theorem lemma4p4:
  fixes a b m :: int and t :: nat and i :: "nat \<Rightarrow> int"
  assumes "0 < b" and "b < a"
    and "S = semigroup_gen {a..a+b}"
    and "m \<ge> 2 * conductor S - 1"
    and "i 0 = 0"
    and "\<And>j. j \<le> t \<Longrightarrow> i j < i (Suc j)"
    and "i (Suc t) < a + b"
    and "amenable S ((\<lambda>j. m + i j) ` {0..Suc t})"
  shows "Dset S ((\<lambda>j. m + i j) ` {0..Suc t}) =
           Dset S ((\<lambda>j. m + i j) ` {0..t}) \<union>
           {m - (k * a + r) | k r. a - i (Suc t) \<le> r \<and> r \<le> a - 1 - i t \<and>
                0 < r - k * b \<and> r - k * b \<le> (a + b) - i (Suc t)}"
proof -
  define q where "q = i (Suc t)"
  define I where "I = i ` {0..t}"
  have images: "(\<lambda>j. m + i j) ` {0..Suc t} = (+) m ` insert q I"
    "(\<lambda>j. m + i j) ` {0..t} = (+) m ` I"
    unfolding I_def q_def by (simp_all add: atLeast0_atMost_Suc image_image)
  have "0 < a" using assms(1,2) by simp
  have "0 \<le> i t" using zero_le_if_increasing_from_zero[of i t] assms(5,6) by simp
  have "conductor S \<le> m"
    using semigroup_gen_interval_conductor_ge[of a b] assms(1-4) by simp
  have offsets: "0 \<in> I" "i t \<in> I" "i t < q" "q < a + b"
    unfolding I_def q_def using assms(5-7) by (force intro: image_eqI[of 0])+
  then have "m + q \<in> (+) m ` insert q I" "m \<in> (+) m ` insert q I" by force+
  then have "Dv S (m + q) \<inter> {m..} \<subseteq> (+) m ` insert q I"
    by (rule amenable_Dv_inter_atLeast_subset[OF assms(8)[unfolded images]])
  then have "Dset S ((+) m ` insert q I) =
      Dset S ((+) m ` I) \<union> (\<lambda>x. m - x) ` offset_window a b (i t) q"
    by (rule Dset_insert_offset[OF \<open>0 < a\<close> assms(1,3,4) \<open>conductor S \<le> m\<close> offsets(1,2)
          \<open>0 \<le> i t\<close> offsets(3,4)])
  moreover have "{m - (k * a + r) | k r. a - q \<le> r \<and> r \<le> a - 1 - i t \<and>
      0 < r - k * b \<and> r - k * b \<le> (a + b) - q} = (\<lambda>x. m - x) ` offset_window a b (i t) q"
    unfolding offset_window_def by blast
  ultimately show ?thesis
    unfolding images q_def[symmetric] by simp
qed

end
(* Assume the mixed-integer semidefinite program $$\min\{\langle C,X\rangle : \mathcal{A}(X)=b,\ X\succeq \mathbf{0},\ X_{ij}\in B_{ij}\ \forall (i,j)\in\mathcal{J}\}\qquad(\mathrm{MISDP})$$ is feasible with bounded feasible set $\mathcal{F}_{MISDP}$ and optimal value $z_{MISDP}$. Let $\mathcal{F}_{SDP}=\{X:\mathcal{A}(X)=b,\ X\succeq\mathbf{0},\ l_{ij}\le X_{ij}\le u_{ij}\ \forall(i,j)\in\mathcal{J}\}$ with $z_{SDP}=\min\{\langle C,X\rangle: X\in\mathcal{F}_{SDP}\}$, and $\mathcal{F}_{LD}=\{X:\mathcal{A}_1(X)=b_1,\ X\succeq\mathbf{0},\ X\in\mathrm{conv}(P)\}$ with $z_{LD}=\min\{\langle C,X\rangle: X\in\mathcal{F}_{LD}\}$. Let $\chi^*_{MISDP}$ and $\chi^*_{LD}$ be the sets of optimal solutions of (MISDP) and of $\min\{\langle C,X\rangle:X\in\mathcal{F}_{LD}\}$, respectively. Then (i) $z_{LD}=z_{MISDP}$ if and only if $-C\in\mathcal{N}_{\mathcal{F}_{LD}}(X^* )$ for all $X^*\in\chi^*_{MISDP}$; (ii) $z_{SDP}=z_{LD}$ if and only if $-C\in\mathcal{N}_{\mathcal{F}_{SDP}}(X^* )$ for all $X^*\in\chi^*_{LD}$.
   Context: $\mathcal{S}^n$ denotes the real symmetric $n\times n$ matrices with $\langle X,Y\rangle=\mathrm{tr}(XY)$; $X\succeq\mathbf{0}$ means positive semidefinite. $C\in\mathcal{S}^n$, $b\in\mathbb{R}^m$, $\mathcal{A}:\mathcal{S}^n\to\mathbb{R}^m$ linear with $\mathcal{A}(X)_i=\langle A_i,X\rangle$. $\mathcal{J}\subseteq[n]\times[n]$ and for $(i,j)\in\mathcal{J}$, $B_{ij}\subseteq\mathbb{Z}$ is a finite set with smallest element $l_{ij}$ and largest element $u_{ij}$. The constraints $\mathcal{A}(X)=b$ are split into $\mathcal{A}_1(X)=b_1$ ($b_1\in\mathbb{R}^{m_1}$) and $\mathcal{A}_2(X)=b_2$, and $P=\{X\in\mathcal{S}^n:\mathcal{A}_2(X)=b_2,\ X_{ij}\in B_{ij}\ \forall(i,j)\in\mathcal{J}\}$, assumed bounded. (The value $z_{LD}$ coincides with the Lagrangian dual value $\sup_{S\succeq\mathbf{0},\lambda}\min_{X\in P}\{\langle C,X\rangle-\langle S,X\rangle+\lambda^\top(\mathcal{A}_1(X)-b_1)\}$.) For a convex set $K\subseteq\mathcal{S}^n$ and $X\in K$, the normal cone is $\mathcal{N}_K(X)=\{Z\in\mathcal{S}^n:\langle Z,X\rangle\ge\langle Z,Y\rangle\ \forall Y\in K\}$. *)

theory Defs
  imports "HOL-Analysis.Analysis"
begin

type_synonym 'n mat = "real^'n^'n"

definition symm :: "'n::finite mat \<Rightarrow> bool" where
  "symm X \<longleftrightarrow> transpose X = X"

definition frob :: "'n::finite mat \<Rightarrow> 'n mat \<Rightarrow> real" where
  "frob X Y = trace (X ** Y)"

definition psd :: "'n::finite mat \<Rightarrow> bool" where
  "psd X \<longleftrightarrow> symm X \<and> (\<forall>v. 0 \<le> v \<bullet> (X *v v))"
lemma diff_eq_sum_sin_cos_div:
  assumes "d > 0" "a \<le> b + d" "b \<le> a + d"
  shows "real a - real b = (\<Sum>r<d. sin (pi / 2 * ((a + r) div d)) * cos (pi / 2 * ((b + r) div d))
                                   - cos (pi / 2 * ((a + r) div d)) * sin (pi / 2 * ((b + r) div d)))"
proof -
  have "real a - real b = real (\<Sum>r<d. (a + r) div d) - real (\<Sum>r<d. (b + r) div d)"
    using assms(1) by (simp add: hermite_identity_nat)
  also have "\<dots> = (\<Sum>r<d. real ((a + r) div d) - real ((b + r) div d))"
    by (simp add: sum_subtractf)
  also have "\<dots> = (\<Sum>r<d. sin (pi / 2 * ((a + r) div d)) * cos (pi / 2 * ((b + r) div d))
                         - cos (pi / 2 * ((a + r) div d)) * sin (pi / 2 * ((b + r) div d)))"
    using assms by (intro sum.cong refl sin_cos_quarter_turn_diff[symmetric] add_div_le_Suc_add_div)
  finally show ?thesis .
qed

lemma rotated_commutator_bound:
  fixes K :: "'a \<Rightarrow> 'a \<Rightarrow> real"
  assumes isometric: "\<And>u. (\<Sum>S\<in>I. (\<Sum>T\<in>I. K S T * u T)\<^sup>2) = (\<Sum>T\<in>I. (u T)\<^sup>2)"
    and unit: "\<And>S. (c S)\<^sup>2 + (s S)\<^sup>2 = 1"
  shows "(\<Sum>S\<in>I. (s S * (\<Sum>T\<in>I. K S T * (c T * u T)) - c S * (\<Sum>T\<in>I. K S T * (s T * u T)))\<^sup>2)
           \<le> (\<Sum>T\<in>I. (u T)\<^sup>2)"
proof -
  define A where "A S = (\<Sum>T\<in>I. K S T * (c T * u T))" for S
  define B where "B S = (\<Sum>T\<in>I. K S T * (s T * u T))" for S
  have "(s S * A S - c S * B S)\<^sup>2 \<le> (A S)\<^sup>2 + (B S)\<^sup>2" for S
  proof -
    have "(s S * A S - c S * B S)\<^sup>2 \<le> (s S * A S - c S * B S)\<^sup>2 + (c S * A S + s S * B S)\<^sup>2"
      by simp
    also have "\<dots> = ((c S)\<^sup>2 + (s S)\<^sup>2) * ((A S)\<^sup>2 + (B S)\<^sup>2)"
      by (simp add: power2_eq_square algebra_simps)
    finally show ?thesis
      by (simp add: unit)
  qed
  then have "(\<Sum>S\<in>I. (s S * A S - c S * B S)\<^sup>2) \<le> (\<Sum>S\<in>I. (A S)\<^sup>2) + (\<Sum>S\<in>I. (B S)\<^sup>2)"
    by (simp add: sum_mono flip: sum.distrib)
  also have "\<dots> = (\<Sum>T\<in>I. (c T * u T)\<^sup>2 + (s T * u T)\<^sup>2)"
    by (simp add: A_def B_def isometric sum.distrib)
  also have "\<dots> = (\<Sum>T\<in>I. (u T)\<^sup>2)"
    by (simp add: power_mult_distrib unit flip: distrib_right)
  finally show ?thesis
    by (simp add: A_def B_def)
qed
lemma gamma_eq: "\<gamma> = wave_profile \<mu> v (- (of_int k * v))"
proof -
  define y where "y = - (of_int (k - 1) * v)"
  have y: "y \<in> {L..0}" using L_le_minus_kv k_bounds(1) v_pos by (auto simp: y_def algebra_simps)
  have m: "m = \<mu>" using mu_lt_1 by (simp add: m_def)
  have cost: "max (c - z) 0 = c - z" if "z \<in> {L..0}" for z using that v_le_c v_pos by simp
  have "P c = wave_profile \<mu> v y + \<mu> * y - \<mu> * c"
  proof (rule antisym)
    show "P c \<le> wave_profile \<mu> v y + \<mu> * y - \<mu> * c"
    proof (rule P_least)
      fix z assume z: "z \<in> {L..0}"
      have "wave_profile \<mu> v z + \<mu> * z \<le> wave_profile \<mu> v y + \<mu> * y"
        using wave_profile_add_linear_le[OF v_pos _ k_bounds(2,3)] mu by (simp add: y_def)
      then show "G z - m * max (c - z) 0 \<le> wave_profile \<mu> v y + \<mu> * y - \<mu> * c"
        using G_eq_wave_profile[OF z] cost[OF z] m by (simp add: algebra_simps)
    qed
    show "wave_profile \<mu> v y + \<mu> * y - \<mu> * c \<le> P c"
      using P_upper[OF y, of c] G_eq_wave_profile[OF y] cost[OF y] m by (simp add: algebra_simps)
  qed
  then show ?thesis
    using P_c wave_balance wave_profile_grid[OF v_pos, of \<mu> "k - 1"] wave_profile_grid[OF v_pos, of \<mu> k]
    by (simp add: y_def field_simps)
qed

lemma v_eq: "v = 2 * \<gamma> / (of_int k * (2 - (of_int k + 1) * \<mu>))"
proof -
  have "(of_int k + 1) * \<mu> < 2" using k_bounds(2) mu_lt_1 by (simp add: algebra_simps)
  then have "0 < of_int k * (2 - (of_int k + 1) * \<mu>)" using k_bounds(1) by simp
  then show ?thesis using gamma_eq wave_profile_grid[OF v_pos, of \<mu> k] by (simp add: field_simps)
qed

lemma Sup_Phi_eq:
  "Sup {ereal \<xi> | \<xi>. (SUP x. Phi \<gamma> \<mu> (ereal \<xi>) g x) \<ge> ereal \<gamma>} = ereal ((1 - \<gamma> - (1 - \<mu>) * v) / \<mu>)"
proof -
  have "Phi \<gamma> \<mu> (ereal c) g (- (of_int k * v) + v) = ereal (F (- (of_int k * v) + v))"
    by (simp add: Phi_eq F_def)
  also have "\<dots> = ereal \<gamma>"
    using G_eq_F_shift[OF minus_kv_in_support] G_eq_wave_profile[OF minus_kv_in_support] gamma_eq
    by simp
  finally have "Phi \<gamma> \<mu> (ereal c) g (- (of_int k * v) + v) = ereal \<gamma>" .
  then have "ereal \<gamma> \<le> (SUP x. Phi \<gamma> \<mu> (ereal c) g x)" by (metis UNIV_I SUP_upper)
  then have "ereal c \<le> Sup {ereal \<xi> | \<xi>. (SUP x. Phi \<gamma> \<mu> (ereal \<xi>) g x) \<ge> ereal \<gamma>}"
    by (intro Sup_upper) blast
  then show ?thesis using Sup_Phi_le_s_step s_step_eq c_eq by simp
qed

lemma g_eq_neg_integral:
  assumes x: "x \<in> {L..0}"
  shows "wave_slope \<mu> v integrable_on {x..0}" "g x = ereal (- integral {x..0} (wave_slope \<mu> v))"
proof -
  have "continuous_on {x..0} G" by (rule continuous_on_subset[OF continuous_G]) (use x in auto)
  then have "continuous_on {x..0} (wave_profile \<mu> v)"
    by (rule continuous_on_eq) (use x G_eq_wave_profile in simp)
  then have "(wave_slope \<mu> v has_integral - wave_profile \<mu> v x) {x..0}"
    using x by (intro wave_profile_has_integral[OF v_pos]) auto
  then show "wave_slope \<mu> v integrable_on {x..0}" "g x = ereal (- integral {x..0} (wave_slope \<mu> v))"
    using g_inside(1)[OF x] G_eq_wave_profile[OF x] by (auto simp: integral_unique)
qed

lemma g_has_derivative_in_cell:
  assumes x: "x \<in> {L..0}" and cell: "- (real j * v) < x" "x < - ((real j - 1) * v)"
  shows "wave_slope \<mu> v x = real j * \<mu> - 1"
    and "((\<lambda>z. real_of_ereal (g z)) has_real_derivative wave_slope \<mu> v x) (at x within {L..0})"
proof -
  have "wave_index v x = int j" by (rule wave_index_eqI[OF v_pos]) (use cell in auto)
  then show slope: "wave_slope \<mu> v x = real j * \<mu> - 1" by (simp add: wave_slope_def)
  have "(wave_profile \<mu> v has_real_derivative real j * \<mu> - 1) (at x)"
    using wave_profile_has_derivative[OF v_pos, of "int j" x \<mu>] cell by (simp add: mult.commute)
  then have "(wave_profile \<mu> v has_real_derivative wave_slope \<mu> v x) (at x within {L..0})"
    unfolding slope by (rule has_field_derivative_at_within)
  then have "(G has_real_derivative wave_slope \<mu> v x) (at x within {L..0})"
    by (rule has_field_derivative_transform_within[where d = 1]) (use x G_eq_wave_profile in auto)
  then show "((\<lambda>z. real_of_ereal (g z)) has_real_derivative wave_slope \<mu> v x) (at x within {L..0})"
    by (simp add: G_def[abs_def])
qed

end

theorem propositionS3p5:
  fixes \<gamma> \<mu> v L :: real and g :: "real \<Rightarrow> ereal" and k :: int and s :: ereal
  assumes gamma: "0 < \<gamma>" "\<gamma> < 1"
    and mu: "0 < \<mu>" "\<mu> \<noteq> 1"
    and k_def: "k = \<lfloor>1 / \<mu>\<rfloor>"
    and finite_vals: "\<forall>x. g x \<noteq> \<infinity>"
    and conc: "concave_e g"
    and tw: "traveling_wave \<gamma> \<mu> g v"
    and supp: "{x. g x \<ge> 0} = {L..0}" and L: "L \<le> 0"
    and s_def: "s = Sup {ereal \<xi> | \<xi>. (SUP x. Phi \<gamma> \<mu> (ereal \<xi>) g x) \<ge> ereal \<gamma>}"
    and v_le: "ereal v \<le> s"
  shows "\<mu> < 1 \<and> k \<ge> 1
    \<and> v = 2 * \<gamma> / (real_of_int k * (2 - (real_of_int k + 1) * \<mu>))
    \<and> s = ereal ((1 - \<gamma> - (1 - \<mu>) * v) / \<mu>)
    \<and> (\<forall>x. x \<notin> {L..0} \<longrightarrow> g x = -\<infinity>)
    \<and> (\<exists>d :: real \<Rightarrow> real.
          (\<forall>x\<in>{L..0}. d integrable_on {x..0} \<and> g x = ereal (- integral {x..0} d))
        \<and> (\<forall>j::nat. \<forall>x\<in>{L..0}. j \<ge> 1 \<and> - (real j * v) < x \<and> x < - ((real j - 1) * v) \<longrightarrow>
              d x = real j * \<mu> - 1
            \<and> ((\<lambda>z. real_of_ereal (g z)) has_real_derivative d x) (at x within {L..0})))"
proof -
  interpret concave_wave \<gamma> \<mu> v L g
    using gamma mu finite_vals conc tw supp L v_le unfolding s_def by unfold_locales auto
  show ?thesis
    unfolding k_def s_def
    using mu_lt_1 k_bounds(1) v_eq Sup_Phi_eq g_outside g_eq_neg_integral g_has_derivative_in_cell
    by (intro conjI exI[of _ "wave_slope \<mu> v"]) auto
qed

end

> Work item: In the listing above, find the line containing "by (rule continuous_on_eq)" and the line containing "cell in auto)", then retype both and every line between them exactly, with nothing else.

> Exercise solution:
    by (rule continuous_on_eq) (use x G_eq_wave_profile in simp)
  then have "(wave_slope \<mu> v has_integral - wave_profile \<mu> v x) {x..0}"
    using x by (intro wave_profile_has_integral[OF v_pos]) auto
  then show "wave_slope \<mu> v integrable_on {x..0}" "g x = ereal (- integral {x..0} (wave_slope \<mu> v))"
    using g_inside(1)[OF x] G_eq_wave_profile[OF x] by (auto simp: integral_unique)
qed

lemma g_has_derivative_in_cell:
  assumes x: "x \<in> {L..0}" and cell: "- (real j * v) < x" "x < - ((real j - 1) * v)"
  shows "wave_slope \<mu> v x = real j * \<mu> - 1"
    and "((\<lambda>z. real_of_ereal (g z)) has_real_derivative wave_slope \<mu> v x) (at x within {L..0})"
proof -
  have "wave_index v x = int j" by (rule wave_index_eqI[OF v_pos]) (use cell in auto)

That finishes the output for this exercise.